(* Let $\mathfrak g$ and the infinite quiver $Q(\mathfrak g)$ be as in the context, and let $\mathbb C(\mathbf X)$ be the field of rational functions in the $X$-variables $X^i_n$ ($i\in S$, $n\in d\mathbb Z$) of $Q(\mathfrak g)$ with Poisson bracket $\{X_u,X_v\}=\varepsilon_{uv}X_uX_v$. Let $\mathbb C(s)$ be the field of rational functions in commuting variables $s_i(n)$ ($i\in S$, $n\in d\mathbb Z$) with the log-canonical Poisson bracket determined by: for $n<n'$, $\{s_i(n),s_i(n')\}=s_i(n)s_i(n')$ if $n'-n\in d_i\mathbb Z$; $\{s_i(n),s_j(n')\}=-\tfrac12 s_i(n)s_j(n')$ if $i\neq j$, $B_{ij}\neq0$ and $n'-n\in\min(d_i,d_j)\mathbb Z$; $\{s_i(n),s_j(n)\}=-\tfrac12 s_i(n)s_j(n)$ if $i<j$ and $B_{ij}\ne0$; all remaining brackets of generators being determined by antisymmetry or equal to $0$. Then the field embedding $\sigma:\mathbb C(\mathbf X)\to\mathbb C(s)$, $X^i_n\mapsto s_i(n)/s_i(n+d_i)$, is a Poisson map.
   Context: Let $\mathfrak g$ be a finite-dimensional complex simple Lie algebra of rank $\ell$, $S=\{1,\dots,\ell\}$, of type $A_\ell$, $B_\ell$, $C_\ell$, $D_\ell$ ($\ell\ge4$), $E_{6,7,8}$, $F_4$ or $G_2$, labelled: $A_\ell,B_\ell,C_\ell$ chain $1-\cdots-\ell$ ($\alpha_\ell$ short in $B_\ell$, long in $C_\ell$); $D_\ell$: chain $1-\cdots-(\ell-1)$ plus edge $(\ell-2)-\ell$; $E_\ell$: chain $1-2-3-5-\cdots-\ell$ plus edge $3-4$; $F_4$: chain $1-2-3-4$, $\alpha_1,\alpha_2$ long; $G_2$: $\alpha_2$ long. $d_i=(\alpha_i,\alpha_i)/2$: $1$ in types $A,D,E$; $(1,\dots,1,\frac12)$ for $B_\ell$; $(1,\dots,1,2)$ for $C_\ell$; $(1,1,\frac12,\frac12)$ for $F_4$; $(1,3)$ for $G_2$; $d=\min d_i$; $C_{ij}=2(\alpha_i,\alpha_j)/(\alpha_i,\alpha_i)$, $B_{ij}=d_iC_{ij}$. Quiver $Q(\mathfrak g)$ on $\{v^i_n: i\in S, n\in d\mathbb Z\}$, arrows for all $n$: (simply-laced) orient Dynkin edges from larger to smaller label ($C(\mathfrak g)$); $v^i_n\to v^i_{n+1}$, and for each $i\to j$ in $C(\mathfrak g)$, $v^i_n\to v^j_n$ and $v^j_{n+1}\to v^i_n$. ($B_\ell$) $v^i_n\to v^i_{n+1}$ ($i\le\ell-1$); $v^i_n\to v^{i-1}_n$, $v^{i-1}_{n+1}\to v^i_n$ ($2\le i\le\ell-1$); $v^\ell_n\to v^\ell_{n+1/2}$, $v^\ell_n\to v^{\ell-1}_{n-1/2}$, $v^{\ell-1}_{n+1/2}\to v^\ell_n$. ($C_\ell$) $v^i_n\to v^i_{n+1}$ ($i\le\ell-1$); $v^i_n\to v^{i-1}_n$, $v^{i-1}_{n+1}\to v^i_n$ ($2\le i\le\ell-1$); $v^\ell_n\to v^\ell_{n+2}$, $v^\ell_n\to v^{\ell-1}_n$, $v^{\ell-1}_{n+2}\to v^\ell_n$. ($F_4$) $v^i_n\to v^i_{n+1}$ ($i=1,2$); $v^2_n\to v^1_n$, $v^1_{n+1}\to v^2_n$; $v^3_n\to v^3_{n+1/2}$, $v^3_n\to v^2_{n-1/2}$, $v^2_{n+1/2}\to v^3_n$; $v^4_n\to v^4_{n+1/2}$, $v^4_n\to v^3_n$, $v^3_{n+1/2}\to v^4_n$. ($G_2$) $v^1_n\to v^1_{n+1}$, $v^2_n\to v^2_{n+3}$, $v^2_n\to v^1_n$, $v^1_{n+3}\to v^2_n$. Exchange matrix $\varepsilon_{uv}=\#\{u\to v\}-\#\{v\to u\}$. *)

theory Defs
  imports Complex_Main "HOL-Library.Poly_Mapping" "HOL-Library.Product_Lexorder"
    "HOL-Computational_Algebra.Fraction_Field"
begin

datatype cartan_type = TA nat | TB nat | TC nat | TD nat | TE nat | TF4 | TG2

definition valid_type :: "cartan_type \<Rightarrow> bool" where
  "valid_type t = (case t of TA l \<Rightarrow> l \<ge> 1 | TB l \<Rightarrow> l \<ge> 2 | TC l \<Rightarrow> l \<ge> 2
     | TD l \<Rightarrow> l \<ge> 4 | TE l \<Rightarrow> l \<in> {6,7,8} | TF4 \<Rightarrow> True | TG2 \<Rightarrow> True)"

definition rank :: "cartan_type \<Rightarrow> nat" where
  "rank t = (case t of TA l \<Rightarrow> l | TB l \<Rightarrow> l | TC l \<Rightarrow> l | TD l \<Rightarrow> l | TE l \<Rightarrow> l
     | TF4 \<Rightarrow> 4 | TG2 \<Rightarrow> 2)"

definition Sset :: "cartan_type \<Rightarrow> nat set" where
  "Sset t = {1..rank t}"

text \<open>d_i = (alpha_i, alpha_i)/2.\<close>
definition dsym :: "cartan_type \<Rightarrow> nat \<Rightarrow> rat" where
  "dsym t i = (case t of
       TB l \<Rightarrow> (if i = l then 1/2 else 1)
     | TC l \<Rightarrow> (if i = l then 2 else 1)
     | TF4 \<Rightarrow> (if i \<in> {3,4} then 1/2 else 1)
     | TG2 \<Rightarrow> (if i = 2 then 3 else 1)
     | _ \<Rightarrow> 1)"

definition dmin :: "cartan_type \<Rightarrow> rat" where
  "dmin t = Min (dsym t ` Sset t)"

definition dynkin_edge :: "cartan_type \<Rightarrow> nat \<Rightarrow> nat \<Rightarrow> bool" where
  "dynkin_edge t i j = (i \<in> Sset t \<and> j \<in> Sset t \<and> (case t of
       TD l \<Rightarrow> (j = i + 1 \<and> j \<le> l - 1) \<or> (i = l - 2 \<and> j = l)
     | TE l \<Rightarrow> (i = 1 \<and> j = 2) \<or> (i = 2 \<and> j = 3) \<or> (i = 3 \<and> j = 5) \<or> (i = 3 \<and> j = 4)
               \<or> (5 \<le> i \<and> j = i + 1)
     | _ \<Rightarrow> j = i + 1))"

definition adjacent :: "cartan_type \<Rightarrow> nat \<Rightarrow> nat \<Rightarrow> bool" where
  "adjacent t i j = (dynkin_edge t i j \<or> dynkin_edge t j i)"

text \<open>Cartan matrix C_ij = 2(alpha_i,alpha_j)/(alpha_i,alpha_i), and B_ij = d_i C_ij.\<close>
definition cartanC :: "cartan_type \<Rightarrow> nat \<Rightarrow> nat \<Rightarrow> rat" where
  "cartanC t i j = (if i = j then 2
     else if adjacent t i j then - (max (dsym t i) (dsym t j) / dsym t i) else 0)"

definition Bsym :: "cartan_type \<Rightarrow> nat \<Rightarrow> nat \<Rightarrow> rat" where
  "Bsym t i j = dsym t i * cartanC t i j"

definition in_mult :: "rat \<Rightarrow> rat \<Rightarrow> bool" where
  "in_mult x a = (\<exists>k::int. x = of_int k * a)"

text \<open>Vertices v^i_n of Q(g) (and indices of s_i(n)): i in S, n in d Z.\<close>
type_synonym vert = "nat \<times> rat"

definition valid_vert :: "cartan_type \<Rightarrow> vert \<Rightarrow> bool" where
  "valid_vert t v = (fst v \<in> Sset t \<and> in_mult (snd v) (dmin t))"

[ACTIVITY] A single number is the answer: how many lines of the material above hold the word "definition"?

[WRITTEN RESPONSE] 11